What this task involves
The answer must consist of every line in the records below that contains the string "lambda".

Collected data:

▽

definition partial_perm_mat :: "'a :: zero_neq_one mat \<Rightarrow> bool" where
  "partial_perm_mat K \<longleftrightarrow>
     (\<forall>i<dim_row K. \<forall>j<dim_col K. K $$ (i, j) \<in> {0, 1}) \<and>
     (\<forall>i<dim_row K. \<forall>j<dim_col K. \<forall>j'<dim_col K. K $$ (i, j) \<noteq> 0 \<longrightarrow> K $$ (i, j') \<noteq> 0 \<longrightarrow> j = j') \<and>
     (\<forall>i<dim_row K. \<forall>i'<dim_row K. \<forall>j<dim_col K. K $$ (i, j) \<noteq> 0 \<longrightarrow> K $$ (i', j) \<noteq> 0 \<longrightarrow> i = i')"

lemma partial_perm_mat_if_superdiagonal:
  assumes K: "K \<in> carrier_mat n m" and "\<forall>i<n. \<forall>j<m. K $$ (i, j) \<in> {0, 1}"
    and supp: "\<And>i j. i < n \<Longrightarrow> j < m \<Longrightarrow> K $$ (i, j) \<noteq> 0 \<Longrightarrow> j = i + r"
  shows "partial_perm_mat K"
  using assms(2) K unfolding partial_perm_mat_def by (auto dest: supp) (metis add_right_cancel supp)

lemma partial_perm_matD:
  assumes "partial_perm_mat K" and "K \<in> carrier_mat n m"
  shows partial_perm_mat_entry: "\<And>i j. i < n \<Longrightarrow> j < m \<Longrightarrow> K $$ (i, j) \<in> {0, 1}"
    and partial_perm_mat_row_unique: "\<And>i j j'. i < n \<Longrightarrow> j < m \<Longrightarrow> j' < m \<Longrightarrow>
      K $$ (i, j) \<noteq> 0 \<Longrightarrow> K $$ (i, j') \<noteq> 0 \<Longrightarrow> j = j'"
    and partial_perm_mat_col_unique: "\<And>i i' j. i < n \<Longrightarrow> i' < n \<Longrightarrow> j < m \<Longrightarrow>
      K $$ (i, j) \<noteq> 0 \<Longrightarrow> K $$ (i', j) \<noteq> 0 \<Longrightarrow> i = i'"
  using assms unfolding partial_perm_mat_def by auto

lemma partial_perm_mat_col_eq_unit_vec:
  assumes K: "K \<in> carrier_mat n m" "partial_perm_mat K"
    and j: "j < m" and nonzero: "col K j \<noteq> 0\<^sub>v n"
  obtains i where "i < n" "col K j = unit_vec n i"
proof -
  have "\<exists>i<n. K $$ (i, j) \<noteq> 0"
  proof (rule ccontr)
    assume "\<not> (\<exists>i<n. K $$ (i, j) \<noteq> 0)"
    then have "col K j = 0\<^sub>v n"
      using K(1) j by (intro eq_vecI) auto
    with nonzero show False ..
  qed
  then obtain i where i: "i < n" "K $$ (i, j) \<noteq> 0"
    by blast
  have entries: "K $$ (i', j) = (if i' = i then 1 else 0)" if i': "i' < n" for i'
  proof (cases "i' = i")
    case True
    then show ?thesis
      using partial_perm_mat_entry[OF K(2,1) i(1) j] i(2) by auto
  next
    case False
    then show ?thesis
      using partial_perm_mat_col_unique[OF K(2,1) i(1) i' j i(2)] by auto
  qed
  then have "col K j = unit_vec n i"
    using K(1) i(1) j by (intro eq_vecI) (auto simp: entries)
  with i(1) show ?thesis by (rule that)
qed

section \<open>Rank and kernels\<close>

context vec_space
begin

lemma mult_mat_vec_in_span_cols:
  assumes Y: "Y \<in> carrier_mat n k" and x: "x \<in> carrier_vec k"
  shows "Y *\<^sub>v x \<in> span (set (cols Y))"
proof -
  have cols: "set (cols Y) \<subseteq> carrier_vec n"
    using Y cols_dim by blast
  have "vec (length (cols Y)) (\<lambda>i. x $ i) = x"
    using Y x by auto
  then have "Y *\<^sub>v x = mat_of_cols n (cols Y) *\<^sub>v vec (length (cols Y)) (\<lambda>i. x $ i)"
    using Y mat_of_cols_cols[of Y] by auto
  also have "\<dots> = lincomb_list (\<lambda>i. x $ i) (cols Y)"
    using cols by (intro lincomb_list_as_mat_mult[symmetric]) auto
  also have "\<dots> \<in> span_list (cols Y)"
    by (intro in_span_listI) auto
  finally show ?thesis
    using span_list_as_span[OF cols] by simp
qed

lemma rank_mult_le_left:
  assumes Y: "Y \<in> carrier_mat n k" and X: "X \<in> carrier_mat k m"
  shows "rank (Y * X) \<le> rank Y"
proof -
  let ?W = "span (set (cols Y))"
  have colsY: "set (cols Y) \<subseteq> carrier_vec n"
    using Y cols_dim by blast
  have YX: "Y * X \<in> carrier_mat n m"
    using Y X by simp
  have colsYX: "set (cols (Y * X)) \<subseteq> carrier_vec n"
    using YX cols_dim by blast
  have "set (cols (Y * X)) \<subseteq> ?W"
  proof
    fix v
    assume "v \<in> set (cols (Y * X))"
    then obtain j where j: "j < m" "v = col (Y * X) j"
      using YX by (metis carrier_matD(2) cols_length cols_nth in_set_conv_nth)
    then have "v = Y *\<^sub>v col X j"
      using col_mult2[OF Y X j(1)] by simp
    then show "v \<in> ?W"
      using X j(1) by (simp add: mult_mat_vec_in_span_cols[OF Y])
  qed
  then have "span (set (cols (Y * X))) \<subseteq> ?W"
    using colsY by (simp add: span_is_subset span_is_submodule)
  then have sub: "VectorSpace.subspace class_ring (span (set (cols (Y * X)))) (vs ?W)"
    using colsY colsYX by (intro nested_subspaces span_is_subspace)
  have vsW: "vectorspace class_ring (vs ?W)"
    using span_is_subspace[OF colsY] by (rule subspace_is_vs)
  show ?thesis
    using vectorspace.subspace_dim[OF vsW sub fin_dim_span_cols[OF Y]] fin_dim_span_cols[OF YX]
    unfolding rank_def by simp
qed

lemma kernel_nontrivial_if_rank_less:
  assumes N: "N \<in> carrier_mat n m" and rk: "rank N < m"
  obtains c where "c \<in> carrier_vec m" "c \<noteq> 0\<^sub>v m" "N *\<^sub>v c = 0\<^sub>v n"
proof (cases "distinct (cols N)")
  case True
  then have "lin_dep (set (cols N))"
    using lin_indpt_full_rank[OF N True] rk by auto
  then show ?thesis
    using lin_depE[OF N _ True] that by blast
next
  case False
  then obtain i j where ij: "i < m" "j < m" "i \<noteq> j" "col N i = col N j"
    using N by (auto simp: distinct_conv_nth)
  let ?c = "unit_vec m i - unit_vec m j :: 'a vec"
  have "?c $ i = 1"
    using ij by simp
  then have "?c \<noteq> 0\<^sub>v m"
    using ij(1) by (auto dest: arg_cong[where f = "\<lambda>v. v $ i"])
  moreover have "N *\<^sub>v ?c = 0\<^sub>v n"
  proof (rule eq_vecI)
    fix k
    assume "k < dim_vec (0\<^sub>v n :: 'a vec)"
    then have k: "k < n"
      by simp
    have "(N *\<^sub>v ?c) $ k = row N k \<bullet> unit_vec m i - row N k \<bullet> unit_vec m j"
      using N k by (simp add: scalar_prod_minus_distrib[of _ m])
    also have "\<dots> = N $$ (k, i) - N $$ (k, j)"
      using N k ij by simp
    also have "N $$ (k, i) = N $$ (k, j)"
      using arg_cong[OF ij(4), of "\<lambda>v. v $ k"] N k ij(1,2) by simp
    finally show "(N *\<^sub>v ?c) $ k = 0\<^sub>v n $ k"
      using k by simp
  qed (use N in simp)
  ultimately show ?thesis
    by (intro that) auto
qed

△

Response area
  have "vec (length (cols Y)) (\<lambda>i. x $ i) = x"
  then have "Y *\<^sub>v x = mat_of_cols n (cols Y) *\<^sub>v vec (length (cols Y)) (\<lambda>i. x $ i)"
  also have "\<dots> = lincomb_list (\<lambda>i. x $ i) (cols Y)"
    using ij(1) by (auto dest: arg_cong[where f = "\<lambda>v. v $ i"])
      using arg_cong[OF ij(4), of "\<lambda>v. v $ k"] N k ij(1,2) by simp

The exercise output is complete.